KR100797235B1 - Magnetic encoder - Google Patents

Abstract

Provides a magnetic encoder that can be used even in tight spaces.

A magnet 12 fixed to the distal end of the shaft 11, and a Hall element for detecting a magnetic field change due to the rotation of the magnet 12, and calculating the rotation angle of the shaft 11 in accordance with the detection of the Hall element. In addition, the IC chip 14 which generates various signals according to the rotation angle is used as the encoder main body 10, and cables 20 and 21 for connecting to the controller side are connected to the encoder main body 10, The relay part 30 is provided in the middle of the cables 20 and 21, and the circuit part and the power supply circuit part which output various signals produced | generated by the IC chip 14 to the relay part 30 are mounted externally. The first and second connectors 33 and 34 so as to face each other on the surface of the substrate 32, and the third and fourth sides so as to face each other on the back surface of the substrate 32. The connectors 35 and 36 were installed.

Description

Magnetic Encoder {MAGNETIC ENCODER}

1 is an external view of a partial cross section showing a magnetic encoder according to an embodiment of the present invention.

2 is a side view showing the configuration of a relay unit of a magnetic encoder;

3 is a perspective view showing an appearance of a relay unit;

(Explanation of symbols of main part of drawing)

10: encoder main body 11: shaft

11a: recess 12: magnet

13: housing 13a: recess

13b: sealed bearing 14: IC chip

15: Board 16: Male Connector

16a: guide 17: female connector

18: cover 19: sealing rubber

20, 21: cable 30: repeater

31: resin member 32: substrate

33: first connector 34: second connector

35: third connector 36: fourth connector

33a to 36a: terminal of connector

The present invention relates to a compact magnetic encoder used for detecting the rotation angle of each joint of an articulated robot, detecting the position of a driving handle of an automobile, or controlling a brushless (motorless) DC motor, for example. will be.

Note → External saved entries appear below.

lemma forward_step:
  assumes \<mu>: "admissible \<mu>" and "s < i" and v: "v \<in> space M"
    and prev_bounds: "\<And>u. u \<in> space M \<Longrightarrow> 0 \<le> forward s \<mu> (i - 1) u \<and> forward s \<mu> (i - 1) u \<le> 1"
  shows "\<nu> (i - 1) * (\<integral>u. forward s \<mu> (i - 1) u \<partial>\<mu> (i - 1)) \<le> forward s \<mu> i v \<and>
         forward s \<mu> i v \<le> (\<integral>u. forward s \<mu> (i - 1) u \<partial>\<mu> (i - 1))"
proof -
  have "forward s \<mu> i v = (\<integral>u. forward s \<mu> (i - 1) u * K (i - 1) (x (i - 1)) u v \<partial>\<mu> (i - 1))"
    using \<open>s < i\<close> by (subst forward.simps) simp
  moreover have "\<nu> (i - 1) * (\<integral>u. forward s \<mu> (i - 1) u \<partial>\<mu> (i - 1))
      \<le> (\<integral>u. forward s \<mu> (i - 1) u * K (i - 1) (x (i - 1)) u v \<partial>\<mu> (i - 1)) \<and>
    (\<integral>u. forward s \<mu> (i - 1) u * K (i - 1) (x (i - 1)) u v \<partial>\<mu> (i - 1))
      \<le> (\<integral>u. forward s \<mu> (i - 1) u \<partial>\<mu> (i - 1))"
    by (rule integral_mult_kernel_bounds[OF admissibleD[OF \<mu>] forward_measurable[OF \<mu>]
        K_measurable_fst[OF v] prev_bounds]) (use K_bounds[OF _ v] \<nu>_pos[of "i - 1"] in \<open>auto simp: less_imp_le\<close>)
  ultimately show ?thesis by simp
qed

lemma backward_bounds:
  "admissible \<mu> \<Longrightarrow> v \<in> space M \<Longrightarrow> (\<Prod>k\<in>{i..n}. \<nu> k) \<le> backward \<mu> i v \<and> backward \<mu> i v \<le> 1"
proof (induction \<mu> i arbitrary: v rule: backward.induct)
  case (1 \<mu> i)
  show ?case
  proof (cases "n < i")
    case True
    then show ?thesis by (simp add: backward.simps[of \<mu> i])
  next
    case False
    have next_bounds: "(\<Prod>k\<in>{i + 1..n}. \<nu> k) \<le> backward \<mu> (i + 1) w \<and> backward \<mu> (i + 1) w \<le> 1"
      if "w \<in> space M" for w
      using 1 False that by blast
    then have "(\<Prod>k\<in>{i + 1..n}. \<nu> k) \<le> (\<integral>w. backward \<mu> (i + 1) w \<partial>\<mu> (i + 1)) \<and>
        (\<integral>w. backward \<mu> (i + 1) w \<partial>\<mu> (i + 1)) \<le> 1"
      by (intro prob_space_integral_bounds[OF admissibleD[OF 1(2)] backward_measurable[OF 1(2)]])
    moreover have "\<nu> i * (\<integral>w. backward \<mu> (i + 1) w \<partial>\<mu> (i + 1)) \<le> backward \<mu> i v \<and>
        backward \<mu> i v \<le> (\<integral>w. backward \<mu> (i + 1) w \<partial>\<mu> (i + 1))"
      using next_bounds prod_\<nu>_pos[of "{i + 1..n}"] False
      by (intro backward_step[OF 1(2) _ 1(3)]) force+
    moreover have "(\<Prod>k\<in>{i..n}. \<nu> k) = \<nu> i * (\<Prod>k\<in>{i + 1..n}. \<nu> k)"
    proof -
      have "{i..n} = insert i {i + 1..n}" using False by auto
      then show ?thesis by simp
    qed
    ultimately show ?thesis using \<nu>_pos[of i] mult_left_mono[of _ _ "\<nu> i"] by (smt (verit))
  qed
qed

As a conventional magnetic encoder, there is one that is coaxially attached to a cross section of the half output side of the motor main body. This magnetic encoder has a disk-shaped back yoke made of a magnetic material fixed to a disk boss fixed to the outer periphery of the base end of the motor shaft. A disk-shaped bar magnet is attached to the surface of the yoke, and the substrate is fixed at a position spaced from the bar magnet in the axial direction of the motor. The hall element is fixed to this board | substrate at the position which opposes a bar magnet (for example, refer patent document 1).

(Patent Document 1) Japanese Unexamined Patent Publication No. 9-308171 (Page 3, Fig. 1)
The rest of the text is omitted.